Megan Hess, owner of Donor Services, appears during an interview in Montrose, Colorado, U.S., on May 23, 2016 (REUTERS/Mike Wood)
Megan Hess, owner of Donor Services, appears during an interview in Montrose, Colorado, U.S., on May 23, 2016 (REUTERS/Mike Wood)

The former owner of a Colorado funeral home was sentenced to 20 years in federal prison for defrauding relatives of the dead by dissecting 560 corpses and sell body parts without any kind of permission. Megan Hess, 46, pleaded guilty to fraud in July. He operated a funeral home, Sunset Mesa, and a body parts entity, Donor Services, from the same building in Montrose, Colorado. The term of 20 years was the maximum allowed by law.

His 69-year-old mother, shirley koch, also pleaded guilty to fraud and was sentenced to 15 years in prison. Koch’s central role was to cut up the bodies, court records show.

“Hess and Koch used their funeral home on occasion to steal bodies and body parts using forged and fraudulent donor forms”said prosecutor Tim Neff in a court filing. “Hess and Koch’s conduct caused immense emotional pain to the families and next of kin.”

Hess charged families up to $1,000 for cremations that never happened

The federal case was sparked by a series of Reuters investigations between 2016 and 2018 into the sale of body parts in the United States, a largely unregulated industry. Former employees said Hess and Koch carried out unauthorized dismemberment of bodiesand a few weeks after a 2018 story broke, the business was raided by the FBI.

In their filing, prosecutors emphasized the “macabre nature” of Hess’s scheme, calling it one of the largest such cases in recent US history.

“This is the most emotionally draining case I have ever experienced in court,” US District Judge Christine M. Arguello said during Tuesday’s sentencing hearing in Grand Junction, Colorado. “It is troubling to the court that defendant Hess refuses to take any responsibility for her conduct.”
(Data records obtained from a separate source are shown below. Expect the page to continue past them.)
lemma C_proper_gauge_nu_max: "C_proper_gauge \<nu>"
  unfolding C_proper_gauge_def
proof (intro ballI impI)
  fix z assume z: "z \<in> Mn 1" and vanish: "\<forall>k::nat<4. \<nu> 1 (mscaleC (\<i> ^ k) z) = 0"
  have in_C: "mscaleC (- (\<i> ^ k)) z \<in> C 1" if "k < 4" for k
  proof -
    have "mneg (mscaleC (- (\<i> ^ k)) z) = mscaleC (\<i> ^ k) z"
      by (simp add: mneg_eq_mscaleC mscaleC_mscaleC)
    then show ?thesis
      using vanish that z C_eq_nu_max_mneg_zero[of 1] by (simp add: Mn_mscaleC)
  qed
  have in_image: "z \<in> mscaleC c ` C 1" if "k < 4" "c * - (\<i> ^ k) = 1" for c k
    using that in_C[of k] by (intro image_eqI[of _ _ "mscaleC (- (\<i> ^ k)) z"])
      (simp_all add: mscaleC_mscaleC mscaleC_one)
  have "z \<in> C 1"
    using in_C[of 2] by (simp add: mscaleC_one power2_eq_square)
  moreover have "z \<in> mneg ` C 1"
    using in_image[of 0 "-1"] by (simp add: mneg_eq_mscaleC image_image)
  moreover have "z \<in> mscaleC \<i> ` C 1"
    using in_image[of 1 \<i>] by simp
  moreover have "z \<in> mscaleC (- \<i>) ` C 1"
    using in_image[of 3 "- \<i>"] by (simp add: power3_eq_cube)
  ultimately show "z = (\<lambda>i j. 0)"
    using C_proper unfolding C_proper_cone_def by blast
qed

end

theorem proposition5p3:
  fixes Zac :: "nat \<Rightarrow> 'z::cvec mat set"
    and h :: "nat \<Rightarrow> 'z mat \<Rightarrow> real"
  assumes "normal_accretive_operator_space Zac h"
  shows "matrix_gauge (nu_max Zac h) \<and> C_proper_gauge (nu_max Zac h) \<and>
         induces (nu_max Zac h) Zac h"
proof -
  interpret normal_accretive_space Zac h
    by standard (rule assms)
  have "matrix_gauge (nu_max Zac h)"
    unfolding matrix_gauge_def
    using nu_max_nonneg nu_max_madd_le nu_max_mscaleR nu_max_conj_act_le nu_max_dsum by auto
  moreover have "induces (nu_max Zac h) Zac h"
    unfolding induces_def using C_eq_nu_max_mneg_zero h_eq_max_nu_max by auto
  ultimately show ?thesis
    using C_proper_gauge_nu_max by auto
qed

end
lemma submanifold_normal_bound:
  fixes M :: "'a::euclidean_space set"
  assumes "smooth_submanifold M m" "compact M"
  obtains K where "K \<ge> 0"
    "\<And>p q n. p \<in> M \<Longrightarrow> q \<in> M \<Longrightarrow> n \<in> normal_space M p \<Longrightarrow>
       \<bar>n \<bullet> (q - p)\<bar> \<le> K * norm n * (norm (q - p))\<^sup>2"
proof -
  have "\<forall>p\<in>M. \<exists>\<delta>>0. \<exists>K\<ge>0. \<forall>p' q n. p' \<in> M \<inter> ball p \<delta> \<longrightarrow> q \<in> M \<inter> ball p \<delta> \<longrightarrow>
      n \<in> normal_space M p' \<longrightarrow> \<bar>n \<bullet> (q - p')\<bar> \<le> K * norm n * (norm (q - p'))\<^sup>2"
    using submanifold_normal_bound_local[OF assms(1)] by blast
  then obtain \<delta> K where local: "\<And>p. p \<in> M \<Longrightarrow> \<delta> p > 0" "\<And>p. p \<in> M \<Longrightarrow> K p \<ge> 0"
    "\<And>p p' q n. p \<in> M \<Longrightarrow> p' \<in> M \<inter> ball p (\<delta> p) \<Longrightarrow> q \<in> M \<inter> ball p (\<delta> p) \<Longrightarrow>
       n \<in> normal_space M p' \<Longrightarrow> \<bar>n \<bullet> (q - p')\<bar> \<le> K p * norm n * (norm (q - p'))\<^sup>2"
    by metis
  have "M \<subseteq> (\<Union>p\<in>M. ball p (\<delta> p))" using local(1) centre_in_ball by blast
  then obtain F where F: "F \<subseteq> M" "finite F" "M \<subseteq> (\<Union>p\<in>F. ball p (\<delta> p))"
    by (rule compactE_image[OF assms(2) open_ball])
  obtain e where e: "e > 0" "\<And>x. x \<in> M \<Longrightarrow> \<exists>p\<in>F. ball x e \<subseteq> ball p (\<delta> p)"
    by (rule Heine_Borel_lemma[OF assms(2), of "(\<lambda>p. ball p (\<delta> p)) ` F"]) (use F(3) in auto)
  \<comment> \<open>the local constants cover pairs closer than the Lebesgue number \<open>e\<close>; for distant pairs,
    \<open>\<bar>n \<bullet> (q - p)\<bar> \<le> norm n * norm (q - p) \<le> norm n * (norm (q - p))\<^sup>2 / e\<close>\<close>
  define K' where "K' = (\<Sum>p\<in>F. K p) + 1 / e"
  have "(\<Sum>p\<in>F. K p) \<ge> 0" using local(2) F(1) by (meson subsetD sum_nonneg)
  then have K'_bounds: "1 / e \<le> K'" "K' \<ge> 0" unfolding K'_def using e(1) by simp_all
  have K_le: "K p \<le> K'" if "p \<in> F" for p
  proof -
    have "K p \<le> (\<Sum>p\<in>F. K p)" using member_le_sum[of p F K] that F(1,2) local(2) by blast
    moreover have "0 \<le> 1 / e" using e(1) by simp
    ultimately show ?thesis unfolding K'_def by linarith
  qed
  have "\<bar>n \<bullet> (q - p)\<bar> \<le> K' * norm n * (norm (q - p))\<^sup>2"
    if p: "p \<in> M" and q: "q \<in> M" and n: "n \<in> normal_space M p" for p q n
  proof (cases "norm (q - p) < e")
    case True
    obtain p0 where "p0 \<in> F" "ball p e \<subseteq> ball p0 (\<delta> p0)" using e(2)[OF p] by blast
    moreover have "p \<in> ball p e" "q \<in> ball p e"
      using e(1) True by (auto simp: dist_norm norm_minus_commute)
    ultimately have "\<bar>n \<bullet> (q - p)\<bar> \<le> K p0 * norm n * (norm (q - p))\<^sup>2"
      using local(3)[of p0 p q n] p q n F(1) by blast
    also have "\<dots> \<le> K' * norm n * (norm (q - p))\<^sup>2"
      using K_le[OF \<open>p0 \<in> F\<close>] by (intro mult_right_mono) auto
    finally show ?thesis .
  next
    case False
    have "\<bar>n \<bullet> (q - p)\<bar> \<le> norm n * norm (q - p)" by (rule Cauchy_Schwarz_ineq2)
    also have "\<dots> \<le> norm n * ((1 / e) * (norm (q - p))\<^sup>2)"
      using False e(1) mult_right_mono[of e "norm (q - p)" "norm (q - p)"]
      by (intro mult_left_mono) (auto simp: power2_eq_square field_simps)
    also have "\<dots> \<le> norm n * (K' * (norm (q - p))\<^sup>2)"
      using K'_bounds(1) by (intro mult_left_mono mult_right_mono) auto
    finally show ?thesis by (simp add: mult_ac)
  qed
  then show ?thesis using that K'_bounds(2) by blast
qed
The judge ordered that Hess and Koch be sent to prison immediately.

FILE PHOTO: The Sunset Mesa Funeral Directors and Donor Services building in Montrose, Colorado, US, December 16, 2017. REUTERS/Rick Wilking/File Photo/File Photo
FILE PHOTO: The Sunset Mesa Funeral Directors and Donor Services building in Montrose, Colorado, US, December 16, 2017. REUTERS/Rick Wilking/File Photo/File Photo

Hess’s attorney said she has been unfairly vilified as a “witch,” a “monster” and a “ghoul” when instead she is a “broken human being” whose behavior can be attributed to a traumatic brain injury at age 18. . But Hess refused to speak to the judge.

Koch told the magistrate he was sorry and took responsibility for his actions. Twenty-six victims described his horror at finding out what had happened to their loved ones. “Our sweet mother, they dismembered her,” said Erin Smith, selling her shoulders, knees and feet for a profit. “We don’t even have a name for such a heinous crime.” Tina Shanon, whose mother was dismembered against her will, told the court: “I have worn many masks to cover the pain. I’ll never be okay.”

More than 200 families received cremated ashes from containers mixed with the remains of different corpses

It is illegal in the United States to sell organs such as hearts, kidneys, and tendons for transplantation; they must be donated. But the sale of body parts like heads, arms and spines, which is what Hess did, for use in research or education is not regulated by federal law.

Hess committed crimes, prosecutors said, when he defrauded relatives of the deceased by lying about cremations and dissecting bodies and selling them without permission. The medical training companies and other businesses that purchased Hess’ arms, legs, heads and torsos were unaware they had been obtained fraudulently, prosecutors said.

At his funeral home, Hess charged families up to $1,000 for cremations that never happened.prosecutors said, and offered free cremations to others in exchange for a donation of the body.

Prosecutors said he lied to more than 200 families, who received cremated ashes from containers mixed with the remains of different corpses.